§ Problem description: The output is the lines below from the one with "text \<open>Centers of" through the one with "By Cauchy--Schwarz an", both included, printed exactly and with no other line.

§ Extracted data:
####

(* (a) Every $m\in\mathcal N$ has a center, i.e. there is $\xi\in\mathbb R$ with $(m,\bar m'_\xi)_{L^2(d\nu_\xi)}=0$. (b) There are constants $c>0$ and $\delta>0$ such that every $m\in\mathcal M^{(1)}_\delta$ has a unique center $\xi(m)$, and for every $n\in\mathcal M^{(1)}_\delta$ with $\|m-n\|_{L^1(\mathbb R)}$ sufficiently small, $$|\xi(m)-\xi(n)|\le c\,\|m-n\|_{L^1(\mathbb R)} ;$$ similarly, for $\|m-n\|_{L^2}$ sufficiently small, $|\xi(m)-\xi(n)|\le c\,\|m-n\|_{L^2}$.
   Context: $\beta>1$; $J\in C^2(\mathbb R)$ even, $J(r)=0$ for $|r|>1$, $\int J=1$, nonincreasing on $(0,\infty)$; $m_\beta>0$ solves $m_\beta=\tanh(\beta m_\beta)$; $\bar m$ is the increasing antisymmetric solution of $\bar m=\tanh(\beta J*\bar m)$ with $\bar m(x)\to\pm m_\beta$ as $x\to\pm\infty$ ($\bar m'$ decays exponentially); $\bar m_\xi(x)=\bar m(x-\xi)$; $d\nu_\xi=dx/(1-\bar m_\xi^2)$, $(g,h)_{L^2(d\nu_\xi)}=\int gh\,d\nu_\xi$. $\mathcal N=\{m\in L^\infty(\mathbb R,[-1,1]):\ \limsup_{x\to-\infty}m(x)<0,\ \liminf_{x\to+\infty}m(x)>0\}$; $\mathcal M^{(1)}_\delta=\bigcup_{\xi\in\mathbb R}\{m\in L^\infty(\mathbb R,[-1,1]):\|m-\bar m_\xi\|_{L^2}<\delta\}$. A center of $m$ is any $\xi\in\mathbb R$ with $(m,\bar m'_\xi)_{L^2(d\nu_\xi)}=0$. *)

theory Defs
  imports "HOL-Analysis.Analysis"
begin

text \<open>Elements of L-infinity(R,[-1,1]), represented by Borel measurable functions.\<close>
definition Linf_pm1 :: "(real \<Rightarrow> real) \<Rightarrow> bool" where
  "Linf_pm1 m \<longleftrightarrow> m \<in> borel_measurable lborel \<and> (\<forall>x. \<bar>m x\<bar> \<le> 1)"

definition classN :: "(real \<Rightarrow> real) \<Rightarrow> bool" where
  "classN m \<longleftrightarrow> Linf_pm1 m
     \<and> Limsup at_bot (\<lambda>x. ereal (m x)) < 0
     \<and> Liminf at_top (\<lambda>x. ereal (m x)) > 0"

definition L2sq_dist :: "(real \<Rightarrow> real) \<Rightarrow> (real \<Rightarrow> real) \<Rightarrow> ennreal" where
  "L2sq_dist m n = (\<integral>\<^sup>+ x. ennreal ((m x - n x)\<^sup>2) \<partial>lborel)"

definition L1_dist :: "(real \<Rightarrow> real) \<Rightarrow> (real \<Rightarrow> real) \<Rightarrow> ennreal" where
  "L1_dist m n = (\<integral>\<^sup>+ x. ennreal \<bar>m x - n x\<bar> \<partial>lborel)"

definition M1 :: "(real \<Rightarrow> real) \<Rightarrow> real \<Rightarrow> (real \<Rightarrow> real) \<Rightarrow> bool" where
  "M1 mbar \<delta> m \<longleftrightarrow> Linf_pm1 m \<and>
     (\<exists>\<xi>. L2sq_dist m (\<lambda>x. mbar (x - \<xi>)) < ennreal (\<delta>\<^sup>2))"

text \<open>xi is a center of m: the L2(d nu_xi) inner product of m with mbar'_xi vanishes.\<close>
definition is_center :: "(real \<Rightarrow> real) \<Rightarrow> (real \<Rightarrow> real) \<Rightarrow> real \<Rightarrow> bool" where
  "is_center mbar m \<xi> \<longleftrightarrow>
     integrable lborel (\<lambda>x. m x * deriv mbar (x - \<xi>) / (1 - (mbar (x - \<xi>))\<^sup>2)) \<and>
     (LINT x|lborel. m x * deriv mbar (x - \<xi>) / (1 - (mbar (x - \<xi>))\<^sup>2)) = 0"

end

theory Submission
  imports Defs "HOL-Probability.Sinc_Integral"
begin

text \<open>Centers of \<open>m\<close> are the zeros of \<open>\<xi> \<mapsto> \<integral> m(x) w(x - \<xi>) dx\<close> with
  \<open>w = mbar' / (1 - mbar\<^sup>2) = \<beta> (J' * mbar)\<close>, an exponentially decaying weight that is Lipschitz
  with exponentially decaying constant. For the front \<open>mbar\<^sub>\<xi>\<^sub>0\<close> this function of \<open>\<xi>\<close> is
  increasing, vanishes at \<open>\<xi>\<^sub>0\<close> and grows at rate at least \<open>\<kappa> > 0\<close> on \<open>[\<xi>\<^sub>0 - r, \<xi>\<^sub>0 + r]\<close>.
  By Cauchy--Schwarz an \<open>L\<^sup>2\<close>-perturbation of size \<open>\<delta>\<close> moves its values and its increments by
  \<open>O(\<delta>)\<close>, so for small \<open>\<delta>\<close> there is exactly one zero, near \<open>\<xi>\<^sub>0\<close>, where the growth rate is
  still \<open>\<kappa>/2\<close>; this rate turns \<open>|\<integral> (m - n) w(\<cdot> - \<xi>)| \<le> C \<parallel>m - n\<parallel>\<close> into the Lipschitz
  bounds for the center. For \<open>m \<in> \<N>\<close>, translating the weight far to the right (left) makes the
  integral positive (negative), and the intermediate value theorem gives a center.\<close>

lemma abs_diff_le_by_deriv_bound:
  fixes f f' :: "real \<Rightarrow> real"
  assumes deriv: "\<And>z. DERIV f z :> f' z"
    and bound: "\<And>z. min x y \<le> z \<Longrightarrow> z \<le> max x y \<Longrightarrow> \<bar>f' z\<bar> \<le> B"
  shows "\<bar>f y - f x\<bar> \<le> B * \<bar>y - x\<bar>"
proof (cases x y rule: linorder_cases)
  case less
  then obtain z where z: "x < z" "z < y" "f y - f x = (y - x) * f' z"
    using MVT2[of x y f f'] deriv by blast
  have "\<bar>f' z\<bar> \<le> B" using bound z by auto
  then show ?thesis using z less by (simp add: abs_mult mult.commute mult_left_mono)
next
  case equal
  then show ?thesis using bound[of x] by auto
next
  case greater
  then obtain z where z: "y < z" "z < x" "f x - f y = (x - y) * f' z"
    using MVT2[of y x f f'] deriv by blast
  have "\<bar>f' z\<bar> \<le> B" using bound z by auto
  then show ?thesis using z greater by (simp add: abs_mult mult.commute mult_left_mono abs_minus_commute)
qed

lemma has_real_derivative_of_quadratic_remainder:
  fixes f :: "real \<Rightarrow> real"
  assumes remainder: "\<And>h. \<bar>h\<bar> \<le> 1 \<Longrightarrow> \<bar>f (x + h) - f x - h * D\<bar> \<le> K * h\<^sup>2"
  shows "DERIV f x :> D"
  unfolding DERIV_def LIM_eq
proof (intro allI impI)
  fix e :: real assume e: "e > 0"
  have K: "K \<ge> 0" using remainder[of 1] abs_ge_zero[of "f (x + 1) - f x - 1 * D"] by simp
  define s where "s = min 1 (e / (K + 1))"
  have s: "s > 0" using e K by (simp add: s_def)
  show "\<exists>s>0. \<forall>h. h \<noteq> 0 \<and> norm (h - 0) < s \<longrightarrow> norm ((f (x + h) - f x) / h - D) < e"
  proof (intro exI[of _ s] conjI allI impI s)
    fix h :: real assume h: "h \<noteq> 0 \<and> norm (h - 0) < s"
    have "\<bar>(f (x + h) - f x) / h - D\<bar> = \<bar>f (x + h) - f x - h * D\<bar> / \<bar>h\<bar>"
      using h by (simp add: field_simps)
    also have "\<dots> \<le> K * h\<^sup>2 / \<bar>h\<bar>"
      using h by (intro divide_right_mono remainder) (auto simp: s_def)
    also have "\<dots> = K * \<bar>h\<bar>"
    proof -
      have "K * h\<^sup>2 = (K * \<bar>h\<bar>) * \<bar>h\<bar>" by (simp add: power2_eq_square)
      then show ?thesis using h by (simp only: nonzero_mult_div_cancel_right abs_eq_0 not_False_eq_True)
    qed
    also have "\<dots> \<le> K * (e / (K + 1))"
      using h K by (intro mult_left_mono) (auto simp: s_def)
    also have "\<dots> < e" using e K by (simp add: field_simps)
    finally show "norm ((f (x + h) - f x) / h - D) < e" by simp
  qed
qed

lemma has_real_derivative_zero_outside:
  fixes f f' :: "real \<Rightarrow> real"
  assumes "\<And>x. DERIV f x :> f' x" and "\<And>t. \<bar>t\<bar> > 1 \<Longrightarrow> f t = 0" and "\<bar>t\<bar> > 1"
  shows "f' t = 0"
proof -
  define S where "S = (if t > 1 then {1<..} else {..<-1::real})"
  have S: "open S" "t \<in> S" "\<And>x. x \<in> S \<Longrightarrow> 0 = f x"
    using assms(2,3) by (auto simp: S_def split: if_splits)
  have "DERIV (\<lambda>_. 0::real) t :> f' t"
    by (rule has_field_derivative_transform_within_open[OF assms(1) S(1,2)]) (use S(3) in auto)
  then show ?thesis using DERIV_const DERIV_unique by blast
qed

lemma bounded_of_continuous_vanishing_outside:
  fixes g :: "real \<Rightarrow> real"
  assumes "continuous_on UNIV g" and "\<And>t. \<bar>t\<bar> > 1 \<Longrightarrow> g t = 0"
  shows "\<exists>M>0. \<forall>t. \<bar>g t\<bar> \<le> M"
proof -
  have "compact (g ` {-1..1})"
    using assms(1) by (intro compact_continuous_image) (auto intro: continuous_on_subset)
  then obtain M where M: "\<forall>y\<in>g ` {-1..1}. \<bar>y\<bar> \<le> M"
    unfolding bounded_real by (meson compact_imp_bounded bounded_real)
  have "\<bar>g t\<bar> \<le> max M 1" for t
  proof (cases "\<bar>t\<bar> > 1")
    case False
    then have "t \<in> {-1..1}" by auto
    then show ?thesis using M by force
  qed (use assms(2) in simp)
  then show ?thesis by (intro exI[of _ "max M 1"]) auto
qed

lemma integral_bounded_by_indicator:
  fixes f :: "real \<Rightarrow> real"
  assumes f: "f \<in> borel_measurable lborel"
    and bound: "\<And>y. \<bar>f y\<bar> \<le> K * indicator {c - R..c + R} y" and R: "R \<ge> 0"
  shows "integrable lborel f" "\<bar>LINT y|lborel. f y\<bar> \<le> K * (2 * R)"
proof -
  have K: "K \<ge> 0" using bound[of c] R by (auto simp: indicator_def)
  have majorant: "integrable lborel (\<lambda>y. K * indicator {c - R..c + R} y)"
    by (intro integrable_mult_right integrable_real_indicator) (auto simp: emeasure_lborel_Icc_eq)
  show fi: "integrable lborel f"
    by (rule Bochner_Integration.integrable_bound[OF majorant f]) (use bound K in auto)
  have "\<bar>LINT y|lborel. f y\<bar> \<le> (LINT y|lborel. K * indicator {c - R..c + R} y)"
    by (rule integral_abs_bound_integral[OF fi majorant]) (use bound in auto)
  also have "\<dots> = K * (2 * R)" using R by simp
  finally show "\<bar>LINT y|lborel. f y\<bar> \<le> K * (2 * R)" .
qed

lemma integrable_exp_abs:
  fixes b c :: real assumes b: "b > 0"
  shows "integrable lborel (\<lambda>x. exp (- b * \<bar>x - c\<bar>))"
proof -
  define g where "g x = indicator {0<..} x * exp (-(x * b))" for x :: real
  have g: "integrable lborel g"
    using integrable_I0i_exp_mscale[OF b] unfolding set_integrable_def g_def by simp
  have "integrable lborel (\<lambda>x. g x + g (0 + (-1) * x))"
    using g lborel_integrable_real_affine[OF g, of "-1" 0] by simp
  then have "integrable lborel (\<lambda>x. exp (- b * \<bar>x\<bar>))"
  proof (rule integrable_cong_AE_imp)
    show "AE x in lborel. g x + g (0 + - 1 * x) = exp (- b * \<bar>x\<bar>)"
      using AE_lborel_singleton[of 0] by eventually_elim (auto simp: g_def indicator_def)
  qed measurable
  then show ?thesis
    using lborel_integrable_real_affine[of "\<lambda>x. exp (- b * \<bar>x\<bar>)" 1 "- c"] by simp
qed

####

§ Solved exercise:
text \<open>Centers of \<open>m\<close> are the zeros of \<open>\<xi> \<mapsto> \<integral> m(x) w(x - \<xi>) dx\<close> with
  \<open>w = mbar' / (1 - mbar\<^sup>2) = \<beta> (J' * mbar)\<close>, an exponentially decaying weight that is Lipschitz
  with exponentially decaying constant. For the front \<open>mbar\<^sub>\<xi>\<^sub>0\<close> this function of \<open>\<xi>\<close> is
  increasing, vanishes at \<open>\<xi>\<^sub>0\<close> and grows at rate at least \<open>\<kappa> > 0\<close> on \<open>[\<xi>\<^sub>0 - r, \<xi>\<^sub>0 + r]\<close>.
  By Cauchy--Schwarz an \<open>L\<^sup>2\<close>-perturbation of size \<open>\<delta>\<close> moves its values and its increments by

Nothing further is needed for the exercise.